Work order: Go through the entries below, tally each line that has the word "True", and give only the total.

Given data:
(* If $G$ is an optimal digraph on $n$ vertices, then $\beta_G < n/2$.
   Context: Digraphs are finite, loopless, with at most one edge $uv$ per ordered pair. A digraph is $2$-free if no distinct $u,v$ have both $uv,vu$ as edges. A circular interval digraph is a digraph together with a fixed arrangement of its vertices in a circle such that for all distinct $u,v,w$ in clockwise order with $uw\in E(G)$, also $uv,vw\in E(G)$. For distinct $u,v$, $d(u,v) = 1 + |\{w: u,w,v \text{ distinct, in clockwise order}\}|$; this is the length of the ordered pair $uv$. A non-edge is an ordered pair $(u,v)$ of distinct vertices with neither $uv$ nor $vu$ an edge; its length is $d(u,v)$. $\alpha_G$ is the minimum length of a non-edge ($\infty$ if there is none) and $\beta_G$ the maximum length of an edge ($0$ if there is none). $\xi(G)$ is the number of pairs $(uv,(w,x))$ with $uv\in E(G)$, $(w,x)$ a non-edge, and $d(u,v)>d(w,x)$. $\tilde P_3(G)$ is the number of triples $(a,b,c)$ of distinct vertices with $ab,bc\in E(G)$ and $ac,ca\notin E(G)$. For fixed $n\ge 4$, $G$ is optimal if it is a $2$-free circular interval digraph on $n$ vertices that maximizes $\tilde P_3$ among all $2$-free circular interval digraphs on $n$ vertices and, subject to this, minimizes $\xi(G)$. *)

theory Defs
  imports Complex_Main
begin

text \<open>A digraph on n vertices together with a circular arrangement is encoded as an
  edge set E on the vertex set {0..<n}, the vertices being arranged clockwise in the
  order 0, 1, ..., n-1.\<close>

definition cdist :: "nat \<Rightarrow> nat \<Rightarrow> nat \<Rightarrow> nat" where
  "cdist n u v = (v + n - u) mod n"

definition clockwise :: "nat \<Rightarrow> nat \<Rightarrow> nat \<Rightarrow> nat \<Rightarrow> bool" where
  "clockwise n u v w \<longleftrightarrow> u \<noteq> v \<and> v \<noteq> w \<and> u \<noteq> w \<and>
     cdist n u v < cdist n u w"

definition is_digraph :: "nat \<Rightarrow> (nat \<times> nat) set \<Rightarrow> bool" where
  "is_digraph n E \<longleftrightarrow> E \<subseteq> {0..<n} \<times> {0..<n} \<and> (\<forall>v. (v, v) \<notin> E)"

definition two_free :: "(nat \<times> nat) set \<Rightarrow> bool" where
  "two_free E \<longleftrightarrow> (\<forall>u v. u \<noteq> v \<longrightarrow> \<not> ((u, v) \<in> E \<and> (v, u) \<in> E))"

definition circ_interval :: "nat \<Rightarrow> (nat \<times> nat) set \<Rightarrow> bool" where
  "circ_interval n E \<longleftrightarrow> is_digraph n E \<and>
     (\<forall>u v w. u < n \<and> v < n \<and> w < n \<and> clockwise n u v w \<and> (u, w) \<in> E
        \<longrightarrow> (u, v) \<in> E \<and> (v, w) \<in> E)"

definition nonedge :: "nat \<Rightarrow> (nat \<times> nat) set \<Rightarrow> nat \<Rightarrow> nat \<Rightarrow> bool" where
  "nonedge n E w x \<longleftrightarrow> w < n \<and> x < n \<and> w \<noteq> x \<and> (w, x) \<notin> E \<and> (x, w) \<notin> E"

definition beta :: "nat \<Rightarrow> (nat \<times> nat) set \<Rightarrow> nat" where
  "beta n E = Max ({cdist n u v | u v. (u, v) \<in> E} \<union> {0})"

definition xi :: "nat \<Rightarrow> (nat \<times> nat) set \<Rightarrow> nat" where
  "xi n E = card {((u, v), (w, x)). (u, v) \<in> E \<and> nonedge n E w x \<and>
                                    cdist n u v > cdist n w x}"

definition P3 :: "nat \<Rightarrow> (nat \<times> nat) set \<Rightarrow> nat" where
  "P3 n E = card {(a, b, c). a < n \<and> b < n \<and> c < n \<and> a \<noteq> b \<and> b \<noteq> c \<and> a \<noteq> c \<and>
                             (a, b) \<in> E \<and> (b, c) \<in> E \<and> (a, c) \<notin> E \<and> (c, a) \<notin> E}"

definition admissible :: "nat \<Rightarrow> (nat \<times> nat) set \<Rightarrow> bool" where
  "admissible n E \<longleftrightarrow> circ_interval n E \<and> two_free E"

definition optimal :: "nat \<Rightarrow> (nat \<times> nat) set \<Rightarrow> bool" where
  "optimal n E \<longleftrightarrow> admissible n E \<and>
     (\<forall>E'. admissible n E' \<longrightarrow> P3 n E' \<le> P3 n E) \<and>
     (\<forall>E'. admissible n E' \<and> P3 n E' = P3 n E \<longrightarrow> xi n E \<le> xi n E')"

end

theory Submission
  imports Defs
begin

text \<open>
  Suppose E is optimal but beta n E >= n/2, and let uw be an edge of
  maximal length k = beta n E.  Deleting uw keeps the digraph admissible (a longest
  edge is never forced by the circular interval property).  The deletion destroys
  the induced 2-paths u -> w -> c and a -> u -> w, but creates the k - 1 induced
  2-paths u -> b -> w through the vertices b strictly inside the arc of uw.  The
  destroyed paths are indexed by vertices disjoint from that arc and from u, w, so
  there are at most n - k - 1 <= k - 1 of them.  By optimality equality holds, so
  n = 2k and some vertex extends uw, which yields a non-edge shorter than k.  Then
  the deletion keeps P3 and strictly decreases xi, contradicting optimality.
\<close>

lemma cdist_eq:
  assumes "a < n" "b < n"
  shows "cdist n a b = (if a \<le> b then b - a else b + n - a)"
proof (cases "a \<le> b")
  case True
  then have "b + n - a = (b - a) + n" by simp
  then show ?thesis using True assms by (simp add: cdist_def del: add_diff_assoc2)
next
  case False
  then show ?thesis using assms by (simp add: cdist_def)
qed

lemma cdist_less: "a < n \<Longrightarrow> b < n \<Longrightarrow> cdist n a b < n"
  by (simp add: cdist_eq) linarith

lemma cdist_pos: "a < n \<Longrightarrow> b < n \<Longrightarrow> a \<noteq> b \<Longrightarrow> 0 < cdist n a b"
  by (simp add: cdist_eq)

lemma cdist_antipodal: "a < n \<Longrightarrow> b < n \<Longrightarrow> a \<noteq> b \<Longrightarrow> cdist n a b + cdist n b a = n"
  by (simp add: cdist_eq)

lemma cdist_inj_right:
  "a < n \<Longrightarrow> b < n \<Longrightarrow> c < n \<Longrightarrow> cdist n a b = cdist n a c \<Longrightarrow> b = c"
  by (simp add: cdist_eq split: if_splits)

lemma cdist_inj_left:
  "a < n \<Longrightarrow> b < n \<Longrightarrow> c < n \<Longrightarrow> cdist n a c = cdist n b c \<Longrightarrow> a = b"
  by (simp add: cdist_eq split: if_splits)

lemma clockwise_add:
  assumes "a < n" "b < n" "c < n" "clockwise n a b c"
  shows "cdist n a c = cdist n a b + cdist n b c"
  using assms by (auto simp: clockwise_def cdist_eq split: if_splits)

lemma cdist_shift: "u < n \<Longrightarrow> j < n \<Longrightarrow> cdist n u ((u + j) mod n) = j"
  by (cases "u + j < n") (auto simp: cdist_eq le_mod_geq)

lemma admissible_edge:
  assumes "admissible n E" "(a, b) \<in> E"
  shows "a < n" "b < n" "a \<noteq> b" "(b, a) \<notin> E"
proof -
  have d: "is_digraph n E" and t: "two_free E"
    using assms(1) unfolding admissible_def circ_interval_def by simp_all
  from d assms(2) show "a < n" "b < n" "a \<noteq> b" unfolding is_digraph_def by auto
  with t assms(2) show "(b, a) \<notin> E" unfolding two_free_def by auto
qed

lemma admissible_interval:
  assumes "admissible n E" "a < n" "b < n" "c < n" "clockwise n a b c" "(a, c) \<in> E"
  shows "(a, b) \<in> E \<and> (b, c) \<in> E"
  using assms unfolding admissible_def circ_interval_def by blast

lemma digraph_finite: "is_digraph n E \<Longrightarrow> finite E"
  unfolding is_digraph_def using finite_subset by blast

lemma beta_finite: "is_digraph n E \<Longrightarrow> finite {cdist n a b | a b. (a, b) \<in> E}"
proof -
  assume "is_digraph n E"
  moreover have "{cdist n a b | a b. (a, b) \<in> E} = (\<lambda>(a, b). cdist n a b) ` E" by auto
  ultimately show ?thesis using digraph_finite by simp
qed

lemma beta_ge: "is_digraph n E \<Longrightarrow> (a, b) \<in> E \<Longrightarrow> cdist n a b \<le> beta n E"
  unfolding beta_def by (rule Max_ge) (auto simp: beta_finite)

lemma beta_attained:
  assumes "is_digraph n E" "0 < beta n E"
  obtains u w where "(u, w) \<in> E" "cdist n u w = beta n E"
proof -
  have "beta n E \<in> {cdist n a b | a b. (a, b) \<in> E} \<union> {0}"
    unfolding beta_def using beta_finite[OF assms(1)] by (intro Max_in) auto
  then show ?thesis using assms(2) that by auto
qed

definition between :: "nat \<Rightarrow> nat \<Rightarrow> nat \<Rightarrow> nat set" where
  "between n u w = {b. b < n \<and> clockwise n u b w}"

lemma card_between:
  assumes "u < n" "w < n" "u \<noteq> w"
  shows "card (between n u w) = cdist n u w - 1"
proof -
  have "bij_betw (cdist n u) (between n u w) {1..<cdist n u w}"
    unfolding bij_betw_def
  proof
    show "inj_on (cdist n u) (between n u w)"
      using cdist_inj_right assms(1) unfolding between_def inj_on_def by blast
    show "cdist n u ` between n u w = {1..<cdist n u w}"
    proof
      show "cdist n u ` between n u w \<subseteq> {1..<cdist n u w}"
        using cdist_pos assms(1) unfolding between_def clockwise_def by fastforce
      show "{1..<cdist n u w} \<subseteq> cdist n u ` between n u w"
      proof
        fix j assume j: "j \<in> {1..<cdist n u w}"
        define b where "b = (u + j) mod n"
        have "j < n" using j cdist_less[OF assms(1,2)] by simp
        then have b: "b < n" "cdist n u b = j"
          using cdist_shift assms(1) by (auto simp: b_def)
        moreover have "cdist n u u = 0" by (simp add: cdist_def)
        ultimately have "b \<noteq> u" "b \<noteq> w" using j by auto
        then have "b \<in> between n u w" using b j assms(3) unfolding between_def clockwise_def by auto
        then show "j \<in> cdist n u ` between n u w" using b by blast
      qed
    qed
  qed
  then show ?thesis by (simp add: bij_betw_same_card)
qed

Answer for this exercise: 2